Новоявленный «на безрыбье» балетмейстер Федор Лопухов все же не мог успокоиться успехом, хотя бы у сотни зрителей, «Петрушки» и принялся «кропать» еще менее популярный и непосильный сюжет — «Жар-птицу» того же Стравинского. Лопухов целый год не стригся, отпустил себе длинные волосы, носился с туго набитым портфелем — партитурой и какими-то руководствами по быту древних славян, рисунками и чертежами придуманных им кунштюков вроде катания на роликах балерины вокруг дерева и появления на авансцене из суфлерской будки черных и белых рыцарей (что уже использовано Лосским в «Салтане»), и, в общем, в следующем 1921 году появилось весьма скучное и нудное зрелище, продолжающееся без перерыва 1 час 20 минут.
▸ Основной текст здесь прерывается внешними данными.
lemma psd_H_mat_xcode:
  assumes "finite C" "i \<in> {1..l}"
  shows "psd_mat (3 * m) (H_mat m (xcode \<tau> u l C i) (u i) (u (Suc i)))"
  unfolding xcode_eq_power_sum
  by (rule psd_H_mat_power_sums)
    (auto simp: finite_off_diag assms(1) dest!: subsetD[OF interval_i_subset[OF assms(2)]])

lemma sum_xcode_eq_off_diag_power_sum:
  fixes u :: "nat \<Rightarrow> real"
  assumes "finite C" "\<forall>i\<in>{1..l}. u i < u (i + 1)" "1 \<le> l"
    and "\<And>y z. (y, z) \<in> off_diag C \<Longrightarrow> \<tau> y z \<in> {u 1..u (l + 1)}"
  shows "(\<Sum>i=1..l. xcode \<tau> u l C i k) = (\<Sum>(y, z)\<in>off_diag C. \<tau> y z ^ k)"
proof -
  have "(\<Sum>i=1..l. xcode \<tau> u l C i k) =
      (\<Sum>i=1..l. \<Sum>q\<in>off_diag C. if case_prod \<tau> q \<in> interval_i u l i then case_prod \<tau> q ^ k else 0)"
    using assms(1) by (simp add: xcode_eq_power_sum sum.inter_filter finite_off_diag)
  also have "\<dots> =
      (\<Sum>q\<in>off_diag C. \<Sum>i=1..l. if case_prod \<tau> q \<in> interval_i u l i then case_prod \<tau> q ^ k else 0)"
    by (rule sum.swap)
  also have "\<dots> = (\<Sum>q\<in>off_diag C. case_prod \<tau> q ^ k)"
  proof (rule sum.cong[OF refl])
    fix q assume "q \<in> off_diag C"
    show "(\<Sum>i=1..l. if case_prod \<tau> q \<in> interval_i u l i then case_prod \<tau> q ^ k else 0) =
        case_prod \<tau> q ^ k"
      using \<open>q \<in> off_diag C\<close> assms(4)
      by (cases q) (simp only: case_prod_conv sum_interval_i_indicator[OF assms(2,3)])
  qed
  also have "\<dots> = (\<Sum>(y, z)\<in>off_diag C. \<tau> y z ^ k)"
    by (simp add: case_prod_beta)
  finally show ?thesis .
qed

lemma delsarte_inequality:
  fixes \<tau> :: "'a \<Rightarrow> 'a \<Rightarrow> real"
  assumes "\<forall>x. \<tau> x x = \<tau>0" "Phi p k \<tau>0 = 1"
    and "\<forall>N (x :: nat \<Rightarrow> 'a). inj_on x {..<N} \<longrightarrow> psd_mat N (\<lambda>i j. Phi p k (\<tau> (x i) (x j)))"
    and "finite C"
  shows "0 \<le> real (card C) + (\<Sum>d=0..k. p k d * (\<Sum>(y, z)\<in>off_diag C. \<tau> y z ^ d))"
proof -
  have "0 \<le> (\<Sum>y\<in>C. \<Sum>w\<in>C. Phi p k (\<tau> y w))"
    using assms(3,4) by (rule psd_kernel_sum_nonneg)
  also have "\<dots> = real (card C) + (\<Sum>(y, z)\<in>off_diag C. Phi p k (\<tau> y z))"
    using assms(1,2,4) by (simp add: sum_square_split_diag)
  also have "(\<Sum>(y, z)\<in>off_diag C. Phi p k (\<tau> y z)) =
      (\<Sum>q\<in>off_diag C. \<Sum>d=0..k. p k d * case_prod \<tau> q ^ d)"
    by (simp add: Phi_def atLeast0AtMost case_prod_beta)
  also have "\<dots> = (\<Sum>d=0..k. \<Sum>q\<in>off_diag C. p k d * case_prod \<tau> q ^ d)"
    by (rule sum.swap)
  also have "\<dots> = (\<Sum>d=0..k. p k d * (\<Sum>(y, z)\<in>off_diag C. \<tau> y z ^ d))"
    by (simp add: sum_distrib_left case_prod_beta)
  finally show ?thesis .
qed

lemma code_feasible:
  fixes \<tau> :: "'a \<Rightarrow> 'a \<Rightarrow> real" and u :: "nat \<Rightarrow> real"
  assumes tau0: "\<forall>x. \<tau> x x = \<tau>0"
    and norm: "\<forall>k. Phi p k \<tau>0 = 1"
    and pd: "\<forall>k N (x :: nat \<Rightarrow> 'a). inj_on x {..<N} \<longrightarrow>
               psd_mat N (\<lambda>i j. Phi p k (\<tau> (x i) (x j)))"
    and l: "1 \<le> l" and umono: "\<forall>i\<in>{1..l}. u i < u (i + 1)"
    and code: "is_code \<tau> S C" and S: "S \<subseteq> {u 1..u (l + 1)}"
    and Acon: "Acon (real (card C)) (restr_tuple l m (xcode \<tau> u l C))"
  shows "feasible p u l m Acon (real (card C)) ((real (card C))\<^sup>2) (xcode \<tau> u l C)"
proof -
  define c where "c = real (card C)"
  have fin: "finite C" using code by (simp add: is_code_def)
  have dist: "\<tau> y z \<in> {u 1..u (l + 1)}" if "(y, z) \<in> off_diag C" for y z
    using code S that unfolding is_code_def off_diag_def by blast
  have moments: "(\<Sum>i=1..l. xcode \<tau> u l C i k) = (\<Sum>(y, z)\<in>off_diag C. \<tau> y z ^ k)" for k
    using fin umono l dist by (rule sum_xcode_eq_off_diag_power_sum)
  have "psd_mat 2 (\<lambda>i j. if i = 0 \<and> j = 0 then 1 else if i = 1 \<and> j = 1 then c\<^sup>2 else c)"
    by (rule psd_mat_cong[OF _ psd_mat_scaled_outer[of 1 2 "\<lambda>i. c ^ i"]])
      (auto simp: less_2_cases_iff power2_eq_square)
  moreover have "c\<^sup>2 = c + (\<Sum>i=1..l. xcode \<tau> u l C i 0)"
    using card_off_diag[OF fin] unfolding moments c_def by simp
  moreover have "0 \<le> c + (\<Sum>d=0..k. p k d * (\<Sum>i=1..l. xcode \<tau> u l C i d))" for k
    using delsarte_inequality[OF tau0 spec[OF norm] spec[OF pd] fin] unfolding moments c_def .
  moreover have "psd_mat (3 * m) (H_mat m (xcode \<tau> u l C i) (u i) (u (Suc i)))"
    if "i \<in> {1..l}" for i
    using fin that by (rule psd_H_mat_xcode)
  ultimately show ?thesis
    using Acon unfolding feasible_def c_def by blast
qed

theorem theorem6p1:
  fixes \<tau> :: "'a \<Rightarrow> 'a \<Rightarrow> real" and \<tau>0 :: real
    and p :: "nat \<Rightarrow> nat \<Rightarrow> real"
    and a b :: real and m l :: nat and u :: "nat \<Rightarrow> real"
    and Acon :: "real \<Rightarrow> (nat \<Rightarrow> nat \<Rightarrow> real) \<Rightarrow> bool"
  assumes tau0: "\<forall>x. \<tau> x x = \<tau>0"
    and deg: "\<forall>k. p k k \<noteq> 0"
    and norm: "\<forall>k. Phi p k \<tau>0 = 1"
    and pd: "\<forall>k N (x :: nat \<Rightarrow> 'a). inj_on x {..<N} \<longrightarrow>
               psd_mat N (\<lambda>i j. Phi p k (\<tau> (x i) (x j)))"
    and ab: "a < b" and m: "1 \<le> m" and l: "1 \<le> l"
    and u1: "u 1 = a" and ul: "u (l + 1) = b"
    and umono: "\<forall>i\<in>{1..l}. u i < u (i + 1)"
    and Acodes: "\<forall>C. is_code \<tau> (tau_values \<tau> \<inter> {a..b}) C \<longrightarrow>
               Acon (real (card C)) (restr_tuple l m (xcode \<tau> u l C))"
  shows "A_code \<tau> (tau_values \<tau> \<inter> {a..b}) \<le> c_star p u l m Acon"
  unfolding A_code_def
proof (rule Sup_least, clarify)
  fix C assume code: "is_code \<tau> (tau_values \<tau> \<inter> {a..b}) C"
  have "tau_values \<tau> \<inter> {a..b} \<subseteq> {u 1..u (l + 1)}" using u1 ul by auto
  then have "feasible p u l m Acon (real (card C)) ((real (card C))\<^sup>2) (xcode \<tau> u l C)"
    using code_feasible[OF tau0 norm pd l umono code] Acodes code by blast
  then show "ereal (real (card C)) \<le> c_star p u l m Acon"
    unfolding c_star_def by (intro Sup_upper) blast
qed

end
При этом программа была снабжена таким сумбурным набором слов с целью пояснить навязанную всем известной бесхитростной сказкой «борьбу двух начал — светлого и темного царства» и пр., что зрители недоумевали, храпели от зеленой скуки, а бедные «плененные царевны» вытирали своими животами пол сцены и наивно швырялись картонными позолоченными шариками. «Поганый пляс» Кащеева царства — богатейшая для хореографа тема, которая у Фокина вызывала «жуткие мурашки по телу» зрителей, — здесь пропала в однообразных тырканьях кулаками в воздух и трафаретном просачивании одной линии танцовщиков сквозь другую. Лопухов, видите ли, как огня боялся «подражания кому-либо», а особливо Фокину, которого открыто называл «упадочным интеллигентом», уже сыгравшим свою роль и отошедшим в область предания. Больной эротический мозг Лопухова приводил его к нагло самоуверенным выводам и заключениям. Так, при первом съезде труппы в августе 1922 года я сидел на диванчике на хорах репетиционного зала и слушал его «программную» речь к артистам. Боже, что это скорбный главою человек молол: Мариус Петипа и Лев Иванов — выжившие из ума старики, ставившие для забавы праздной толпы красивые банальные картинки, вроде «Спящей красавицы» и «Лебединого озера», а Чайковский сочинил «антимузыкальный» вальс снежинок в дурацком «Щелкунчике». Балет, мол, требует иных путей и новых откровений (которые он, вероятно, и дает). И ведь не нашлось ни одного человека, который взял бы за шиворот и тряхнул как следует этого оратора. Все слушали молча, как бараны, и лишь потом в «подшефной» пивной на Толмазовом возникли споры о здоровье нового управляющего труппой.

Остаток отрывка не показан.